Health Benefit Providers

By enrolling in or accepting coverage by health benefit programs (Medicare, Medicaid, Blue Cross/Blue Shield, commercial insurers, HMOs, PPOs, etc.) patients grant those third parties access to the information necessary to process claims and to determine coverage and eligibility for benefits. Additional patient consent is not required for release of the necessary information.


Mandatory Reporting Requirements

Physicians are required to report certain patient conditions to specified state and local health officials. (See "What patient conditions must I report?".) The patient's consent is not needed:


  • Under Massachusetts law, the medical records of hospital/clinic patients may be released without patient consent when:
  • Information is being provided to the Commissioner of Public Health
  • Upon proper judicial order
  • Upon being served with a subpoena when the patient is a named party in the case caption, and release is to a court or place of hearing

In general, the statutory authorizations governing hospitals apply to physicians in medical group practices and individual providers.

Q: What should I do with medical records from my practice when I retire?


You must make provisions for former patients and subsequent providers to have access to the information contained in your medical records. If you are in a practice situation where the medical records are the property of a corporate entity, responsibility for maintaining these records and providing subsequent access may be assumed by that entity. If you are a solo practitioner, or dissolving a partnership or small group practice, responsibility for some or all of the records may fall to you. This responsibility includes not only deciding what medical records to retain, but also coordinating arrangements for safety, storage, and access on a timely basis. Storing records is space consuming, and space saving methods such as microfilming or electronic capture are expensive. No matter what storage choice is made, consider future access to the data.


How long medical records must be retained after closure of a practice depends on state law. Massachusetts requires a retiring physician to retain medical records for a minimum of seven years, or until a child patient reaches the age of nine. The physician must furnish the Board of Registration in Medicine (BRM) with a written statement agreeing to provide access to medical records for the required period. Keep in mind that the retention period is based on the date of the letter of retirement to the BRM, not the date of the last patient encounter (as required for active physicians).
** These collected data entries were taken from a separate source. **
(* Let $k,m\ge 1$, let $q\in\mathbb{R}^k$ (the source position) and let $p_1,\dots,p_m\in\mathbb{R}^k$ (the sensor positions) with $p_i\neq q$ for all $i$; write $\mathbf{p}=[p_1^\top,\dots,p_m^\top]^\top$, $r_i=\|p_i-q\|$ and $\hat r_i=(p_i-q)/\|p_i-q\|$. For each $i$ let $g_i:(0,\infty)\to\mathbb{R}$ be continuously differentiable and let $h_i(p_i,q)=g_i(\|p_i-q\|)$. Assume: (i) for each $i$, $|g_i'(r)|$ is monotonically decreasing in $r$; (ii) $\sum_{i=1}^m \hat r_i\hat r_i^\top\succ 0$. Let $H(\mathbf{p},q)=(h_1(p_1,q),\dots,h_m(p_m,q))^\top$, let $\nabla_q H(\mathbf{p},q)$ be the $k\times m$ matrix whose $i$-th column is $\nabla_q h_i(p_i,q)$, and suppose the $k\times k$ matrix $\nabla_q H(\mathbf{p},q)\nabla_q H(\mathbf{p},q)^\top$ is invertible, so that $$L(\mathbf{p},q)=\operatorname{Tr}\Big[\big(\nabla_q H(\mathbf{p},q)\,\nabla_q H(\mathbf{p},q)^\top\big)^{-1}\Big]$$ is defined. Then $$\frac{1}{m\,L(\mathbf{p},q)}\le \max_{1\le i\le m}|g_i'(r_i)|^2 .$$
   Context: Here $\|\cdot\|$ is the Euclidean norm, $\succ 0$ means positive definite, and $\nabla_q h_i$ denotes the gradient of $h_i$ with respect to $q$. The matrix $\nabla_q H\nabla_q H^\top$ plays the role of the (unnormalized) Fisher information matrix of the measurements $y_i=h_i(p_i,q)+\nu_i$ with i.i.d. Gaussian noise. *)

theory Defs
  imports "HOL-Analysis.Analysis"
begin

definition grad :: "(real^'k \<Rightarrow> real) \<Rightarrow> real^'k \<Rightarrow> real^'k" where
  "grad f x = (THE G. (f has_derivative (\<lambda>v. G \<bullet> v)) (at x))"

definition outer :: "real^'k \<Rightarrow> real^'k \<Rightarrow> real^'k^'k" where
  "outer u v = (\<chi> i j. u $ i * v $ j)"

definition pos_def :: "real^'k^'k \<Rightarrow> bool" where
  "pos_def A \<longleftrightarrow> transpose A = A \<and> (\<forall>x. x \<noteq> 0 \<longrightarrow> x \<bullet> (A *v x) > 0)"

definition gradH :: "('m::finite \<Rightarrow> real \<Rightarrow> real) \<Rightarrow> ('m \<Rightarrow> real^'k) \<Rightarrow> real^'k \<Rightarrow> real^'m^'k" where
  "gradH g p q = (\<chi> j i. grad (\<lambda>x. g i (norm (p i - x))) q $ j)"

definition Lcost :: "('m::finite \<Rightarrow> real \<Rightarrow> real) \<Rightarrow> ('m \<Rightarrow> real^'k) \<Rightarrow> real^'k \<Rightarrow> real" where
  "Lcost g p q = trace (matrix_inv (gradH g p q ** transpose (gradH g p q)))"

end

theory Submission
  imports Defs
begin

text \<open>For the Gram matrix \<open>M = G G\<^sup>T\<close> of the gradients, Cauchy-Schwarz applied to the
  \<open>i\<close>-th row \<open>a\<close> of \<open>G\<close> and to \<open>b = G\<^sup>T M\<^sup>-\<^sup>1 e\<^sub>i\<close> (for which \<open>a \<bullet> b = 1\<close> and
  \<open>b \<bullet> b = (M\<^sup>-\<^sup>1)\<^sub>i\<^sub>i\<close>) gives \<open>1 \<le> M\<^sub>i\<^sub>i (M\<^sup>-\<^sup>1)\<^sub>i\<^sub>i\<close>. The gradient of \<open>h\<^sub>j\<close> is
  \<open>g\<^sub>j'(r\<^sub>j)\<close> times a unit vector, so \<open>M\<^sub>i\<^sub>i = \<Sum>\<^sub>j (\<partial>\<^sub>i h\<^sub>j)\<^sup>2 \<le> m max\<^sub>j |g\<^sub>j'(r\<^sub>j)|\<^sup>2\<close>.
  Summing over \<open>i\<close> yields \<open>k \<le> m L max\<^sub>j |g\<^sub>j'(r\<^sub>j)|\<^sup>2\<close>, which is stronger than needed.\<close>

lemma grad_eqI:
  fixes f :: "real^'k \<Rightarrow> real"
  assumes "(f has_derivative (\<lambda>v. G \<bullet> v)) (at x)"
  shows "grad f x = G"
  unfolding grad_def
proof (rule the_equality)
  fix G' assume "(f has_derivative (\<lambda>v. G' \<bullet> v)) (at x)"
  from has_derivative_unique[OF this assms] have "G' \<bullet> (G' - G) = G \<bullet> (G' - G)"
    by metis
  then have "(G' - G) \<bullet> (G' - G) = 0" by (simp add: inner_diff_left)
  then show "G' = G" by simp
qed (fact assms)

lemma has_derivative_radial:
  fixes p q :: "real^'k"
  assumes "p \<noteq> q" and "(g has_real_derivative d) (at (norm (p - q)))"
  shows "((\<lambda>x. g (norm (p - x))) has_derivative
           (\<lambda>v. ((d / norm (p - q)) *\<^sub>R (q - p)) \<bullet> v)) (at q)"
proof -
  have norm_deriv: "(norm has_derivative (\<lambda>v. sgn (p - q) \<bullet> v)) (at (p - q))"
    using has_derivative_norm[of "p - q"] assms(1) by (simp add: inner_commute)
  have "((\<lambda>x. p - x) has_derivative uminus) (at q)"
    by (auto intro!: derivative_eq_intros)
  from has_derivative_compose[OF this norm_deriv]
  have "((\<lambda>x. norm (p - x)) has_derivative (\<lambda>v. sgn (p - q) \<bullet> - v)) (at q)" .
  moreover have "(g has_derivative (\<lambda>x. d * x)) (at (norm (p - q)))"
    using assms(2) by (simp add: has_field_derivative_def)
  ultimately have "((\<lambda>x. g (norm (p - x))) has_derivative (\<lambda>v. d * (sgn (p - q) \<bullet> - v))) (at q)"
    by (rule has_derivative_compose)
  moreover have "(\<lambda>v. d * (sgn (p - q) \<bullet> - v)) = (\<lambda>v. ((d / norm (p - q)) *\<^sub>R (q - p)) \<bullet> v)"
    by (auto simp: sgn_div_norm inner_commute algebra_simps inner_diff_left divide_inverse)
  ultimately show ?thesis by simp
qed

lemma abs_gradH_le:
  assumes "p i \<noteq> q" and "(g i has_real_derivative d) (at (norm (p i - q)))"
  shows "\<bar>gradH g p q $ j $ i\<bar> \<le> \<bar>d\<bar>"
proof -
  define r where "r = norm (p i - q)"
  have "r > 0" using assms(1) by (simp add: r_def)
  have "grad (\<lambda>x. g i (norm (p i - x))) q = (d / r) *\<^sub>R (q - p i)"
    using grad_eqI[OF has_derivative_radial[OF assms]] by (simp add: r_def)
  then have "gradH g p q $ j $ i = d / r * (q - p i) $ j"
    by (simp add: gradH_def)
  moreover have "\<bar>(q - p i) $ j\<bar> \<le> r"
    using component_le_norm_cart[of "q - p i" j] by (simp add: r_def norm_minus_commute)
  ultimately show ?thesis
    using \<open>r > 0\<close> by (simp add: abs_mult divide_le_eq) (metis abs_ge_zero mult.commute mult_left_mono)
qed

lemma matrix_inv_right:
  fixes M :: "'a::semiring_1^'n^'n"
  assumes "invertible M"
  shows "M ** matrix_inv M = mat 1"
  using assms unfolding invertible_def matrix_inv_def by (metis (mono_tags, lifting) someI_ex)

lemma gram_matrix_inv_diag:
  fixes G :: "real^'m^'k"
  assumes "invertible (G ** transpose G)"
  defines "N \<equiv> matrix_inv (G ** transpose G)"
  shows "0 \<le> N $ i $ i" and "1 \<le> (\<Sum>j\<in>UNIV. (G $ i $ j)\<^sup>2) * N $ i $ i"
proof -
  define e :: "real^'k" where "e = axis i 1"
  define a where "a = transpose G *v e"
  define b where "b = transpose G *v (N *v e)"
  have Gb: "G *v b = e"
    unfolding b_def N_def using matrix_inv_right[OF assms(1)]
    by (simp add: matrix_vector_mul_assoc matrix_mul_assoc del: transpose_matrix_vector)
  have "b \<bullet> b = (N *v e) \<bullet> (G *v b)"
    by (simp add: b_def dot_lmul_matrix[symmetric])
  also have "\<dots> = (N *v e) $ i"
    by (simp add: Gb e_def inner_axis)
  also have "\<dots> = N $ i $ i"
    by (simp add: e_def matrix_vector_mult_def axis_def if_distrib cong: if_cong)
  finally have bb: "b \<bullet> b = N $ i $ i" .
  have "a \<bullet> b = e \<bullet> (G *v b)"
    by (simp add: a_def dot_lmul_matrix[symmetric])
  then have ab: "a \<bullet> b = 1"
    by (simp add: Gb e_def)
  have "a $ j = G $ i $ j" for j
    by (simp add: a_def e_def vector_matrix_mult_def axis_def if_distrib[of "\<lambda>x. x * _"] cong: if_cong)
  then have aa: "a \<bullet> a = (\<Sum>j\<in>UNIV. (G $ i $ j)\<^sup>2)"
    by (simp add: inner_vec_def power2_eq_square)
  show "0 \<le> N $ i $ i" using bb by (metis inner_ge_zero)
  have "1 = (a \<bullet> b)\<^sup>2" using ab by simp
  also have "\<dots> \<le> (norm a * norm b)\<^sup>2"
    using Cauchy_Schwarz_ineq2[of a b] by (metis abs_ge_zero power2_abs power_mono)
  also have "\<dots> = (a \<bullet> a) * (b \<bullet> b)" by (simp add: power_mult_distrib dot_square_norm)
  finally show "1 \<le> (\<Sum>j\<in>UNIV. (G $ i $ j)\<^sup>2) * N $ i $ i" using aa bb by simp
qed

lemma card_le_trace_gram_inv:
  fixes G :: "real^'m^'k"
  assumes inv: "invertible (G ** transpose G)"
    and row_le: "\<And>i. (\<Sum>j\<in>UNIV. (G $ i $ j)\<^sup>2) \<le> c"
  shows "real CARD('k) \<le> c * trace (matrix_inv (G ** transpose G))"
proof -
  define N where "N = matrix_inv (G ** transpose G)"
  have diag_le: "1 \<le> c * N $ i $ i" for i
    using gram_matrix_inv_diag[OF inv, of i] row_le[of i] unfolding N_def
    by (meson mult_right_mono order_trans)
  have "(\<Sum>i\<in>(UNIV::'k set). 1) \<le> (\<Sum>i\<in>UNIV. c * N $ i $ i)"
    by (rule sum_mono) (rule diag_le)
  then show ?thesis by (simp add: N_def trace_def sum_distrib_left)
qed

lemma gradH_row_sum_sq_le:
  fixes p :: "'m::finite \<Rightarrow> real^'k"
  assumes "\<And>j. p j \<noteq> q"
    and "\<And>j. (g j has_real_derivative g' j (norm (p j - q))) (at (norm (p j - q)))"
  shows "(\<Sum>j\<in>UNIV. (gradH g p q $ i $ j)\<^sup>2)
           \<le> real CARD('m) * (MAX j\<in>UNIV. \<bar>g' j (norm (p j - q))\<bar>\<^sup>2)"
    (is "_ \<le> _ * ?M")
proof -
  have "(gradH g p q $ i $ j)\<^sup>2 \<le> ?M" for j
  proof -
    have "(gradH g p q $ i $ j)\<^sup>2 \<le> \<bar>g' j (norm (p j - q))\<bar>\<^sup>2"
      using abs_gradH_le[of p j q g, OF assms] by (metis abs_ge_zero power2_abs power_mono)
    also have "\<dots> \<le> ?M" by (rule Max_ge) auto
    finally show ?thesis .
  qed
  then have "(\<Sum>j\<in>UNIV. (gradH g p q $ i $ j)\<^sup>2) \<le> (\<Sum>j\<in>(UNIV::'m set). ?M)"
    by (rule sum_mono)
  then show ?thesis by simp
qed

theorem proposition1:
  fixes q :: "real^'k"
    and p :: "'m::finite \<Rightarrow> real^'k"
    and g g' :: "'m \<Rightarrow> real \<Rightarrow> real"
  assumes p_ne: "\<And>i. p i \<noteq> q"
    and g_deriv: "\<And>i r. r > 0 \<Longrightarrow> (g i has_real_derivative g' i r) (at r)"
    and g'_cont: "\<And>i. continuous_on {0<..} (g' i)"
    and mono: "\<And>i. antimono_on {0<..} (\<lambda>r. \<bar>g' i r\<bar>)"
    and posdef: "pos_def (\<Sum>i\<in>UNIV. outer ((p i - q) /\<^sub>R norm (p i - q)) ((p i - q) /\<^sub>R norm (p i - q)))"
    and inv: "invertible (gradH g p q ** transpose (gradH g p q))"
  shows "1 / (real CARD('m) * Lcost g p q) \<le> (MAX i\<in>UNIV. \<bar>g' i (norm (p i - q))\<bar> ^ 2)"
proof -
  define Mx where "Mx = (MAX i\<in>UNIV. \<bar>g' i (norm (p i - q))\<bar> ^ 2)"
  have "real CARD('k) \<le> real CARD('m) * Mx * Lcost g p q"
    unfolding Lcost_def Mx_def
    using p_ne g_deriv by (intro card_le_trace_gram_inv inv gradH_row_sum_sq_le) auto
  moreover have "1 \<le> real CARD('k)" by simp
  ultimately have key: "1 \<le> real CARD('m) * Mx * Lcost g p q" by linarith
  have "0 \<le> real CARD('m) * Mx" unfolding Mx_def by (simp add: Max_ge_iff)
  with key have "0 < real CARD('m) * Lcost g p q"
    by (smt (verit) mult_nonneg_nonpos mult_pos_pos of_nat_0_less_iff zero_less_card_finite)
  with key show ?thesis
    unfolding Mx_def[symmetric] by (simp add: divide_le_eq algebra_simps)
qed

end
Q: What are the risks surrounding electronic communication of medical records?


The same levels of physician and staff responsibility for patient confidentiality and protection apply to electronic records as apply to a paper record:

  • All patient information is sensitive
  • Every patient needs protection
  • Access patient information on a need-to-know basis only
  • Systematic tracking of every entry, look-up, and printing of patient information using unique and confidential signature computer keys (or passwords) is advocated as the best safeguard. Ideally, patients should be able to find out who accessed their record and why

While e-mail has become an efficient way to impart patient information, clinicians must consider any patient-specific e-mail messages to be part of the medical record.